The task - Please look for the string "False" below and report every line in which it occurs.

Dataset records -
......
definition normal_form_spectrum :: "real \<Rightarrow> real \<Rightarrow> complex \<Rightarrow> complex \<Rightarrow> complex \<Rightarrow> complex list" where
  "normal_form_spectrum l0 l1 z1 z2 z3 = [of_real l0, z2, cnj z2, of_real l1, z3, z1, cnj z1, cnj z3]"

lemma length_normal_form_spectrum: "length (normal_form_spectrum l0 l1 z1 z2 z3) = 8"
  by (simp add: normal_form_spectrum_def)

lemma rotation_eigvecs_carrier [simp]: "rotation_eigvecs \<in> carrier_mat 8 8"
  and rotation_eigvecs_inv_carrier [simp]: "rotation_eigvecs_inv \<in> carrier_mat 8 8"
  by (simp_all add: rotation_eigvecs_def rotation_eigvecs_inv_def)

lemma dim_rotation_eigvecs [simp]:
  "dim_row rotation_eigvecs = 8" "dim_col rotation_eigvecs = 8"
  "dim_row rotation_eigvecs_inv = 8" "dim_col rotation_eigvecs_inv = 8"
  by (simp_all add: rotation_eigvecs_def rotation_eigvecs_inv_def)

lemma index_rotation_eigvecs:
  "i < 8 \<Longrightarrow> j < 8 \<Longrightarrow> rotation_eigvecs $$ (i, j) = (if i = j \<and> (i = 0 \<or> i = 3) then 1
     else block2 5 6 1 1 \<i> (- \<i>) i j + block2 1 2 1 1 \<i> (- \<i>) i j
        + block2 4 7 1 1 \<i> (- \<i>) i j)"
  by (simp add: rotation_eigvecs_def)

lemma index_rotation_eigvecs_inv:
  "i < 8 \<Longrightarrow> j < 8 \<Longrightarrow> rotation_eigvecs_inv $$ (i, j) = (if i = j \<and> (i = 0 \<or> i = 3) then 1
     else block2 5 6 (1 / 2) (- \<i> / 2) (1 / 2) (\<i> / 2) i j
        + block2 1 2 (1 / 2) (- \<i> / 2) (1 / 2) (\<i> / 2) i j
        + block2 4 7 (1 / 2) (- \<i> / 2) (1 / 2) (\<i> / 2) i j)"
  by (simp add: rotation_eigvecs_inv_def)
theorem menger:
  assumes "finite E" "max_disjoint_paths E src tgt s t P"
  shows "\<exists>X. is_cut E src tgt s t X \<and> card X \<le> card P"
proof (cases "s = t")
  case True
  then show ?thesis by (intro exI[of _ "{}"]) (auto simp: is_cut_def dest: is_path_imp_neq)
next
  case False
  obtain F where F: "F \<subseteq> E" "flow_conservation src tgt s t F"
    "\<And>G. G \<subseteq> E \<Longrightarrow> flow_conservation src tgt s t G \<Longrightarrow> net_out src tgt G s \<le> net_out src tgt F s"
    using maximum_flow_exists[OF assms(1), of src tgt s t] by blast
  define R where "R = {v. (residual E src tgt F)\<^sup>*\<^sup>* s v}"
  have "finite R"
    unfolding R_def
    by (rule finite_rtranclp_reachable[of "src ` E \<union> tgt ` E"])
      (use assms(1) F(1) in \<open>auto simp: residual_def\<close>)
  have "s \<in> R" by (simp add: R_def)
  have "t \<notin> R"
    using maximum_flow_no_augmenting_path[OF assms(1) False F] by (simp add: R_def)
  have closed: "v \<in> R" if "u \<in> R" "residual E src tgt F u v" for u v
    using that unfolding R_def by (auto intro: rtranclp.rtrancl_into_rtrancl)
  let ?X = "{e\<in>E. src e \<in> R \<and> tgt e \<notin> R}"
  have "is_cut E src tgt s t ?X" "int (card ?X) = net_out src tgt F s"
    using residual_closed_cut[OF assms(1) F(1,2) \<open>finite R\<close> \<open>s \<in> R\<close> \<open>t \<notin> R\<close>] closed by blast+
  have "net_out src tgt F s \<le> int (card P)"
    using flow_value_le_card_max_disjoint_paths[OF assms(1) False assms(2) F(1,2)] .
  with \<open>is_cut E src tgt s t ?X\<close> \<open>int (card ?X) = net_out src tgt F s\<close> show ?thesis
    by (intro exI[of _ ?X]) simp
qed

lemma min_cut_transversal:
  assumes "finite E" "max_disjoint_paths E src tgt s t P" "X \<in> min_cuts E src tgt s t"
  shows "\<exists>g. (\<forall>p\<in>P. g p \<in> set p) \<and> X = g ` P"
proof -
  have paths: "disjoint_paths E src tgt s t P" using assms(2) by (simp add: max_disjoint_paths_def)
  have cut: "is_cut E src tgt s t X" and minimal: "\<And>Y. is_cut E src tgt s t Y \<Longrightarrow> card X \<le> card Y"
    using assms(3) by (auto simp: min_cuts_def)
  have "X \<subseteq> E" using cut by (simp add: is_cut_def)
  then have "finite X" using assms(1) by (rule finite_subset)
  have "\<forall>p\<in>P. \<exists>e. e \<in> set p \<inter> X"
  proof
    fix p assume "p \<in> P"
    then have "is_path E src tgt s t p" using paths by (simp add: disjoint_paths_def)
    then show "\<exists>e. e \<in> set p \<inter> X" using cut by (auto simp: is_cut_def)
  qed
  then obtain g where g: "\<forall>p\<in>P. g p \<in> set p \<inter> X" by (rule bchoice[elim_format]) blast
  have "inj_on g P"
  proof (rule inj_onI)
    fix p q assume "p \<in> P" "q \<in> P" "g p = g q"
    then have "g p \<in> set p \<inter> set q" using g by (metis IntD1 IntI)
    then show "p = q"
      using disjoint_paths_disjoint_family[OF paths] \<open>p \<in> P\<close> \<open>q \<in> P\<close>
      unfolding disjoint_family_on_def by (metis empty_iff)
  qed
  obtain Y where Y: "is_cut E src tgt s t Y" "card Y \<le> card P" using menger[OF assms(1,2)] by blast
  have "card X \<le> card Y" using minimal[OF Y(1)] .
  also have "\<dots> \<le> card P" by (fact Y(2))
  also have "\<dots> = card (g ` P)" using card_image[OF \<open>inj_on g P\<close>] by simp
  finally have "card X \<le> card (g ` P)" .
  moreover have "g ` P \<subseteq> X" using g by blast
  ultimately have "g ` P = X" using card_seteq[OF \<open>finite X\<close>] by blast
  then show ?thesis using g by blast
qed
text \<open>Otherwise the first k + 1 columns would be linearly dependent: the leading
  (k + 1) \<times> (k + 1) block is upper triangular with a zero on its diagonal.\<close>

lemma hermite_prefix_pivot_nonzero:
  assumes A: "A \<in> carrier_mat r c" and rank: "full_column_rank A"
    and prefix: "hermite_prefix A k" and k: "k < c"
    and below: "\<forall>i. k < i \<longrightarrow> i < r \<longrightarrow> A $$ (i, k) = 0"
  shows "k < r \<and> A $$ (k, k) \<noteq> 0"
proof (rule ccontr)
  assume singular: "\<not> (k < r \<and> A $$ (k, k) \<noteq> 0)"
  have lower: "A $$ (i, j) = 0" if "j \<le> k" "j < i" "i < r" for i j
  proof (cases "j = k")
    case False
    then show ?thesis
      using prefix that A unfolding hermite_prefix_def by auto
  qed (use below that in auto)
  define S :: "rat mat" where
    "S = mat (Suc k) (Suc k) (\<lambda>(i, j). if i < r then rat_of_int (A $$ (i, j)) else 0)"
  have S: "S \<in> carrier_mat (Suc k) (Suc k)"
    by (simp add: S_def)
  have "upper_triangular S"
    using lower by (intro upper_triangularI) (auto simp: S_def)
  then have "det S = (\<Prod>i = 0..<Suc k. S $$ (i, i))"
    using S by (simp add: det_upper_triangular prod_list_diag_prod)
  also have "\<dots> = 0"
    using singular by (intro prod_zero bexI[of _ k]) (auto simp: S_def)
  finally obtain v where v: "v \<in> carrier_vec (Suc k)" "v \<noteq> 0\<^sub>v (Suc k)" "S *\<^sub>v v = 0\<^sub>v (Suc k)"
    using det_0_iff_vec_prod_zero_field[OF S] by blast
  define w where "w = vec c (\<lambda>j. if j \<le> k then v $ j else 0)"
  have w: "w \<in> carrier_vec c"
    by (simp add: w_def)
  have "w \<noteq> 0\<^sub>v c"
  proof
    assume "w = 0\<^sub>v c"
    moreover have "w $ j = v $ j" if "j < Suc k" for j
      using that k by (simp add: w_def)
    ultimately have "v = 0\<^sub>v (Suc k)"
      using v(1) k by (intro eq_vecI) auto
    then show False
      using v(2) by contradiction
  qed
  moreover have "map_mat rat_of_int A *\<^sub>v w = 0\<^sub>v r"
  proof (rule eq_vecI)
    fix i assume "i < dim_vec (0\<^sub>v r :: rat vec)"
    then have i: "i < r" by simp
    have "(map_mat rat_of_int A *\<^sub>v w) $ i = (\<Sum>j<c. rat_of_int (A $$ (i, j)) * w $ j)"
      using i A w by (simp add: scalar_prod_def lessThan_atLeast0)
    also have "\<dots> = (\<Sum>j<Suc k. rat_of_int (A $$ (i, j)) * v $ j)"
      using k by (intro sum.mono_neutral_cong_right) (auto simp: w_def)
    also have "\<dots> = 0"
    proof (cases "i \<le> k")
      case True
      have "(S *\<^sub>v v) $ i = (\<Sum>j<Suc k. S $$ (i, j) * v $ j)"
        using True S v(1) by (simp add: scalar_prod_def lessThan_atLeast0)
      also have "\<dots> = (\<Sum>j<Suc k. rat_of_int (A $$ (i, j)) * v $ j)"
        using True i by (intro sum.cong) (auto simp: S_def)
      finally show ?thesis
        using v(3) True by simp
    qed (use i lower in simp)
    finally show "(map_mat rat_of_int A *\<^sub>v w) $ i = 0\<^sub>v r $ i"
      using i by simp
  qed (use A in simp)
  ultimately show False
    using rank w A unfolding full_column_rank_def by auto
qed

text \<open>Clearing column k below the diagonal, fixing the sign of the pivot and reducing the
  entries above it all leave the first k columns unchanged: these vanish in the rows
  modified by the first two steps and in the row k used by the third.\<close>

lemma hermite_prefix_extend:
  assumes A: "A \<in> carrier_mat r c" and rank: "full_column_rank A"
    and prefix: "hermite_prefix A k" and k: "k < c"
  shows "\<exists>B. unimodular_reduces A B \<and> hermite_prefix B (Suc k)"
proof -
  have kr: "k < r"
    using hermite_prefix_pivot_nonzero[OF A rank prefix k] by (cases "k < r") auto
  have left_zero: "\<forall>i. k \<le> i \<longrightarrow> i < r \<longrightarrow> A $$ (i, j) = 0" if "j < k" for j
    using prefix that A unfolding hermite_prefix_def by auto
  obtain A1 where A1: "unimodular_reduces A A1" "\<forall>i. k < i \<longrightarrow> i < r \<longrightarrow> A1 $$ (i, k) = 0"
    "\<forall>p<k. \<forall>j<c. A1 $$ (p, j) = A $$ (p, j)"
    "\<forall>j<c. (\<forall>i. k \<le> i \<longrightarrow> i < r \<longrightarrow> A $$ (i, j) = 0) \<longrightarrow> (\<forall>i. k \<le> i \<longrightarrow> i < r \<longrightarrow> A1 $$ (i, j) = 0)"
    using unimodular_reduces_clear_column_below[OF A kr k] by blast
  have A1c: "A1 \<in> carrier_mat r c"
    using unimodular_reduces_carrier[OF A1(1) A] .
  have same1: "\<forall>i<r. \<forall>j<k. A1 $$ (i, j) = A $$ (i, j)"
    using A1(3,4) left_zero k by (metis linorder_not_le order.strict_trans)
  then have "hermite_prefix A1 k"
    using hermite_prefix_cong[OF prefix] A A1c by auto
  then have "A1 $$ (k, k) \<noteq> 0"
    using hermite_prefix_pivot_nonzero[OF A1c full_column_rank_unimodular_reduces[OF A1(1) rank]
        _ k A1(2)] by simp
  then obtain A2 where A2: "unimodular_reduces A1 A2" "0 < A2 $$ (k, k)"
    "\<forall>i<r. \<forall>j<c. i \<noteq> k \<longrightarrow> A2 $$ (i, j) = A1 $$ (i, j)"
    "\<forall>j<c. A1 $$ (k, j) = 0 \<longrightarrow> A2 $$ (k, j) = 0"
    using unimodular_reduces_positive_pivot[OF A1c kr k] by blast
  have A2c: "A2 \<in> carrier_mat r c"
    using unimodular_reduces_carrier[OF A2(1) A1c] .
  have same2: "\<forall>i<r. \<forall>j<k. A2 $$ (i, j) = A $$ (i, j)"
    using A2(3,4) same1 left_zero k kr by (metis order.strict_trans order_refl)
  obtain B where B: "unimodular_reduces A2 B" "\<forall>i<k. 0 \<le> B $$ (i, k) \<and> B $$ (i, k) < B $$ (k, k)"
    "\<forall>p<r. \<forall>j<c. k \<le> p \<or> j < k \<longrightarrow> B $$ (p, j) = A2 $$ (p, j)"
    using unimodular_reduces_reduce_column_above[OF A2c kr k A2(2)] same2 left_zero kr by auto
  have Bc: "B \<in> carrier_mat r c"
    using unimodular_reduces_carrier[OF B(1) A2c] .
  have "hermite_prefix B k"
    using hermite_prefix_cong[OF prefix] B(3) same2 Bc A k by auto
  moreover have "\<forall>i. k < i \<longrightarrow> i < r \<longrightarrow> B $$ (i, k) = 0"
    using B(3) A2(3) A1(2) k by auto
  ultimately have "hermite_prefix B (Suc k)"
    using B(2,3) A2(2) Bc kr k by (auto simp: hermite_prefix_Suc)
  then show ?thesis
    using unimodular_reduces_trans[OF unimodular_reduces_trans[OF A1(1) A2(1)] B(1)] by blast
qed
......
Exercise result -
  case False
    using maximum_flow_no_augmenting_path[OF assms(1) False F] by (simp add: R_def)
    using flow_value_le_card_max_disjoint_paths[OF assms(1) False assms(2) F(1,2)] .
    case False
    then show False
  ultimately show False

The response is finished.